lemma scaled_eta_increment_forward:
  assumes G': "\<And>s. s \<in> {0..t} \<Longrightarrow> (G has_real_derivative
      exp (- C1 * s) * (C1 * beta * exp (lam * s) + C1 * norm (eta 0))) (at s within {0..t})"
  shows "exp (- C1 * t) * norm (scaled_eta t - scaled_eta 0) \<le> G t - G 0"
proof -
  have "exp (- C1 * t) * norm (scaled_eta t - scaled_eta 0)
      \<le> exp (- C1 * 0) * norm (scaled_eta 0 - scaled_eta 0) + (G t - G 0)"
  proof (rule gronwall_forward[OF t_nonneg C1_nonneg _ _ G'])
    fix s assume s: "s \<in> {0..t}"
    show "((\<lambda>s. scaled_eta s - scaled_eta 0) has_vector_derivative - (exp (lam * s) *\<^sub>R F s))
        (at s within {0..t})"
      by (auto intro!: derivative_eq_intros scaled_eta_derivative[OF s])
    have "norm (scaled_eta s) \<le> norm (scaled_eta s - scaled_eta 0) + norm (eta 0)"
      using norm_triangle_sub[of "scaled_eta s" "scaled_eta 0"] by (simp add: scaled_eta_def)
    then have "C1 * norm (scaled_eta s) \<le> C1 * norm (scaled_eta s - scaled_eta 0) + C1 * norm (eta 0)"
      using C1_nonneg by (metis distrib_left mult_left_mono)
    then show "norm (- (exp (lam * s) *\<^sub>R F s))
        \<le> C1 * beta * exp (lam * s) + C1 * norm (eta 0) + C1 * norm (scaled_eta s - scaled_eta 0)"
      using scaled_eta_derivative_bound[OF s] by linarith
  qed
  then show ?thesis
    by simp
qed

◆ ◆ ◆ ◆ ◆ ◆ ◆

## [About this exercise]
Extract, please, the lines from the start of the entries above through the one with "exp (- C1 * s)", both included, reproducing each exactly and adding nothing.

## [Reply to the exercise]
lemma scaled_eta_increment_forward:
  assumes G': "\<And>s. s \<in> {0..t} \<Longrightarrow> (G has_real_derivative
      exp (- C1 * s) * (C1 * beta * exp (lam * s) + C1 * norm (eta 0))) (at s within {0..t})"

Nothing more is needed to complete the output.